Cartão, plano ou consulta avulsa: diferenças práticas
| Produto | Como paga | Risco financeiro | Rede | Para quem faz sentido |
|---|---|---|---|---|
| Cartão de desconto | Mensalidade/adesão + preço reduzido por ato | Usuário paga o procedimento | Credenciada pela empresa | Quem usa pouco e quer preço previsível na consulta |
| Plano de saúde | Mensalidade; pode ter coparticipação | Operadora assume risco | Regulada pela ANS | Quem precisa de cobertura ampla e proteção contra eventos caros |
| Particular avulso | Pagamento integral por ato | Usuário arca com tudo | Qualquer prestador que aceite direto | Consumo muito esporádico ou serviço muito específico |
Impactos esperados no mercado
Empresas que já adotam boas práticas podem se beneficiar, ao ganhar credibilidade e reduzir assimetria de informação. Modelos agressivos de venda, que prometem “cobertura” ou “reembolso”, devem perder espaço. Clínicas populares podem rever contratos e sinalização de preços.
Haverá custos de adaptação, sobretudo com compliance, auditoria de rede e sistemas de informação. Parte desses custos pode chegar ao consumidor na forma de mensalidades um pouco mais altas. Por outro lado, regras claras tendem a reduzir litígios e cancelamentos por frustração de expectativa.
Desafios para a ANS
A agência ganha dever de regular um universo com milhões de usuários e milhares de prestadores. A capacidade técnica e o quadro de pessoal ficam no centro do debate. A prioridade deve concentrar esforços em normas essenciais e fiscalização baseada em risco.
Sem reforço de equipe e tecnologia, a regulação corre o risco de virar letra morta no papel.
Agenda regulatória possível
- Definição do que é “cartão de desconto” e lista de condutas proibidas.
- Padrão mínimo de contrato, com sumário destacando limites e preços.
- Cadastro nacional das empresas, com trilhas de auditoria e indicadores.
- Regra de descredenciamento e transparência de reajustes de mensalidade.
O que esperar do STF
O Supremo deve avaliar a competência regulatória e eventuais limites à intervenção do Judiciário sobre atos técnico-administrativos. Um entendimento favorável à ANS consolidará a fiscalização e reduzirá disputas repetitivas em instâncias inferiores.
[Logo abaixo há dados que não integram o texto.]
lemma sup_norm_unit_ball_eq_onorm:
  assumes "bounded_linear f"
  shows "Sup {norm (f x) | x. norm x \<le> 1} = onorm f"
proof -
  interpret f: bounded_linear f by fact
  let ?S = "{norm (f x) | x. norm x \<le> 1}"
  have ub: "y \<le> onorm f" if "y \<in> ?S" for y
    using that onorm[OF assms] onorm_pos_le[OF assms]
    by (force intro: order_trans mult_left_le)
  have bdd: "bdd_above ?S"
    using ub by (auto simp: bdd_above_def)
  have zero: "0 \<in> ?S"
    by (rule CollectI, rule exI[of _ 0]) (simp add: f.zero)
  have "onorm f \<le> Sup ?S"
  proof (rule onorm_bound)
    show "0 \<le> Sup ?S"
      using cSup_upper[OF zero bdd] .
    fix x :: 'a
    show "norm (f x) \<le> Sup ?S * norm x"
    proof (cases "x = 0")
      case False
      have "norm (f (scaleR (1 / norm x) x)) \<in> ?S"
        by force
      then have "norm (f x) / norm x \<le> Sup ?S"
        using cSup_upper[OF _ bdd] by (simp add: f.scaleR divide_inverse mult.commute)
      with False show ?thesis
        by (simp add: divide_le_eq)
    qed (simp add: f.zero)
  qed
  moreover have "Sup ?S \<le> onorm f"
    using zero ub by (intro cSup_least) auto
  ultimately show ?thesis
    by simp
qed

lemma mat_opnorm_1: "bounded_linear g \<Longrightarrow> mat_opnorm 1 (\<lambda>i j. g) = onorm g"
proof -
  assume g: "bounded_linear g"
  have lessThan_1_nat: "{..<1::nat} = {0}"
    by auto
  have "{sqrt (\<Sum>i<1::nat. (norm (\<Sum>j<1::nat. g (x j)))\<^sup>2) | x. (\<Sum>j<1::nat. (norm (x j))\<^sup>2) \<le> 1}
        = {norm (g x) | x. norm x \<le> 1}"
  proof (intro set_eqI iffI)
    fix y assume "y \<in> {sqrt (\<Sum>i<1::nat. (norm (\<Sum>j<1::nat. g (x j)))\<^sup>2) | x. (\<Sum>j<1::nat. (norm (x j))\<^sup>2) \<le> 1}"
    then obtain x where "y = norm (g (x 0))" "(norm (x 0))\<^sup>2 \<le> 1"
      using lessThan_1_nat by auto
    then show "y \<in> {norm (g x) | x. norm x \<le> 1}"
      by (auto simp: abs_square_le_1)
  next
    fix y assume "y \<in> {norm (g x) | x. norm x \<le> 1}"
    then obtain x where "y = norm (g x)" "norm x \<le> 1"
      by auto
    then show "y \<in> {sqrt (\<Sum>i<1::nat. (norm (\<Sum>j<1::nat. g (x j)))\<^sup>2) | x. (\<Sum>j<1::nat. (norm (x j))\<^sup>2) \<le> 1}"
      by (intro CollectI exI[of _ "\<lambda>_. x"]) (simp add: power_le_one)
  qed
  then show ?thesis
    unfolding mat_opnorm_def using sup_norm_unit_ball_eq_onorm[OF g] by simp
qed

lemma Mn_norm_A_1: "Mn_norm_A 1 (\<lambda>i j. a) = mnorm a"
  unfolding Mn_norm_A_def mnorm_def using mat_opnorm_1[of "(*v) a"] by simp

lemma mnorm_nonneg: "0 \<le> mnorm a"
  unfolding mnorm_def by (rule onorm_pos_le) simp

lemma norm_axis_complex_1 [simp]: "norm (axis i (1::complex)) = 1"
  by (rule norm_Basis) (auto simp: Basis_vec_def)

lemma norm_entry_le_mnorm: "norm (a $ i $ j) \<le> mnorm a"
proof -
  have "norm (a $ i $ j) = norm ((a *v axis j 1) $ i)"
    by (simp add: matrix_vector_mult_def axis_def if_distrib cong: if_cong)
  also have "\<dots> \<le> norm (a *v axis j 1)"
    by (rule Finite_Cartesian_Product.norm_nth_le)
  also have "\<dots> \<le> mnorm a * norm (axis j (1::complex))"
    unfolding mnorm_def by (rule onorm) simp
  finally show ?thesis
    by simp
qed

lemma mnorm_mat_1: "mnorm (mat 1) \<le> 1"
proof -
  have "(*v) (mat 1) = (\<lambda>v::complex^2. v)"
    by (simp add: fun_eq_iff)
  then show ?thesis
    unfolding mnorm_def by (simp add: onorm_id_le)
qed

lemma mat2_mult: "mat2 a b c d ** mat2 e f g h = mat2 (a*e+b*g) (a*f+b*h) (c*e+d*g) (c*f+d*h)"
  by (simp add: mat2_def matrix_matrix_mult_def vec_eq_iff forall_2 sum_2)

lemma mat_1_eq_mat2: "mat 1 = mat2 1 0 0 1"
  by (simp add: mat2_def mat_def vec_eq_iff forall_2)

lemma mat2_nth_1_2 [simp]: "mat2 a b c d $ 1 $ 2 = b"
  by (simp add: mat2_def)

lemma V_commute: "a \<in> V c \<Longrightarrow> b \<in> V c \<Longrightarrow> a ** b = b ** a"
  unfolding V_def by (auto simp: mat2_mult algebra_simps)

lemma Phi_bounded_linear: "\<phi> \<in> Phi A \<Longrightarrow> a \<in> A \<Longrightarrow> bounded_linear (\<phi> a)"
  unfolding Phi_def by (auto intro: bounded_op_imp_bounded_linear)

lemma Phi_mult: "\<phi> \<in> Phi A \<Longrightarrow> a \<in> A \<Longrightarrow> b \<in> A \<Longrightarrow> \<phi> (a ** b) = \<phi> a \<circ> \<phi> b"
  unfolding Phi_def by blast

lemma Phi_inj_on: "\<phi> \<in> Phi A \<Longrightarrow> inj_on \<phi> A"
  unfolding Phi_def by blast

lemma Phi_onorm_bounded:
  assumes "\<phi> \<in> Phi A"
  shows "\<exists>K. \<forall>a\<in>A. onorm (\<phi> a) \<le> K * mnorm a"
proof -
  obtain K where K: "\<And>n a. \<forall>i<n. \<forall>j<n. a i j \<in> A \<Longrightarrow>
      mat_opnorm n (\<lambda>i j. \<phi> (a i j)) \<le> K * Mn_norm_A n a"
    using assms unfolding Phi_def by blast
  have "onorm (\<phi> a) \<le> K * mnorm a" if "a \<in> A" for a
    using K[of 1 "\<lambda>i j. a"] that mat_opnorm_1[OF Phi_bounded_linear[OF assms that]]
      Mn_norm_A_1[of a]
    by simp
  then show ?thesis
    by blast
qed

lemma Phi_mnorm_bounded:
  assumes "\<phi> \<in> Phi A"
  shows "\<exists>K. \<forall>a\<in>A. mnorm a \<le> K * onorm (\<phi> a)"
proof -
  obtain K where K: "\<And>n a. \<forall>i<n. \<forall>j<n. a i j \<in> A \<Longrightarrow>
      Mn_norm_A n a \<le> K * mat_opnorm n (\<lambda>i j. \<phi> (a i j))"
    using assms unfolding Phi_def by blast
  have "mnorm a \<le> K * onorm (\<phi> a)" if "a \<in> A" for a
    using K[of 1 "\<lambda>i j. a"] that mat_opnorm_1[OF Phi_bounded_linear[OF assms that]]
      Mn_norm_A_1[of a]
    by simp
  then show ?thesis
    by blast
qed

lemma bdd_above_bounded_on_unit_ball:
  fixes f g :: "'a \<Rightarrow> real"
  assumes "\<forall>a\<in>A. f a \<le> K * g a" and "\<forall>a\<in>A. 0 \<le> g a"
  shows "bdd_above {f a | a. a \<in> A \<and> g a \<le> 1}"
proof (rule bdd_aboveI)
  fix y assume "y \<in> {f a | a. a \<in> A \<and> g a \<le> 1}"
  then obtain a where a: "y = f a" "a \<in> A" "g a \<le> 1"
    by blast
  then have "y \<le> K * g a"
    using assms(1) by blast
  also have "\<dots> \<le> \<bar>K\<bar> * g a"
    using a(2) assms(2) by (intro mult_right_mono) auto
  also have "\<dots> \<le> \<bar>K\<bar>"
    using a(3) by (simp add: mult_left_le)
  finally show "y \<le> \<bar>K\<bar>" .
qed

lemma onorm_le_phi_norm:
  assumes "\<phi> \<in> Phi A" and "a \<in> A" and "mnorm a \<le> 1"
  shows "onorm (\<phi> a) \<le> phi_norm A \<phi>"
proof -
  obtain K where "\<forall>a\<in>A. onorm (\<phi> a) \<le> K * mnorm a"
    using Phi_onorm_bounded[OF assms(1)] by blast
  then have "bdd_above {onorm (\<phi> a) | a. a \<in> A \<and> mnorm a \<le> 1}"
    by (intro bdd_above_bounded_on_unit_ball) (auto simp: mnorm_nonneg)
  with assms(2,3) show ?thesis
    unfolding phi_norm_def by (blast intro: cSup_upper)
qed

lemma mnorm_le_phi_inv_norm:
  assumes "\<phi> \<in> Phi A" and "a \<in> A" and "onorm (\<phi> a) \<le> 1"
  shows "mnorm a \<le> phi_inv_norm A \<phi>"
proof -
  obtain K where "\<forall>a\<in>A. mnorm a \<le> K * onorm (\<phi> a)"
    using Phi_mnorm_bounded[OF assms(1)] by blast
  then have "bdd_above {mnorm a | a. a \<in> A \<and> onorm (\<phi> a) \<le> 1}"
    using Phi_bounded_linear[OF assms(1)]
    by (intro bdd_above_bounded_on_unit_ball) (auto simp: onorm_pos_le)
  with assms(2,3) show ?thesis
    unfolding phi_inv_norm_def by (blast intro: cSup_upper)
qed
Como avaliar sua adesão hoje
Antes de assinar, compare a mensalidade do cartão com os preços da clínica popular mais próxima. Some quantas consultas e exames você costuma fazer ao ano. Verifique a rede credenciada e confirme se o profissional atende nas datas que você precisa.
- Se você usa 2 a 3 consultas por ano, um cartão barato pode compensar.
- Se você faz tratamentos contínuos, um plano regulado tende a proteger melhor contra gastos altos.
- Se você só precisa de uma consulta pontual, a opção avulsa pode sair mais barata.
Simulação rápida
Imagine uma família que faz 3 consultas e 2 exames simples por ano. Um cartão cobra R$ 25 mensais e oferece consultas a R$ 60 (em vez de R$ 150). Com o cartão, o gasto anual seria R$ 300 de mensalidade + R$ 180 em consultas + R$ 120 em exames com desconto. Total: R$ 600. No particular, o total seria R$ 450 em consultas + R$ 300 em exames = R$ 750. A economia existe, mas depende do uso real e da rede.
Riscos e sinais de alerta para o consumidor
- Promessas de “cobertura total” ou “sem fila” sem detalhamento de rede e preço.
- Ausência de contrato ou impossibilidade de cancelar em até 7 dias na venda a distância.
- Rede reduzida, sem médicos de referência na sua cidade ou sem horários disponíveis.
- Venda casada com crédito, seguros ou assinaturas não solicitadas.
Transparência, preço claro por procedimento e rede verificável protegem seu bolso e evitam surpresas.
Se você já tem um cartão, guarde comprovantes, tire print da rede disponível e registre protocolos de atendimento. Em caso de propaganda enganosa, busque canais de defesa do consumidor e a ouvidoria da empresa. A futura regulação deve ampliar caminhos de reparação e punição a abusos.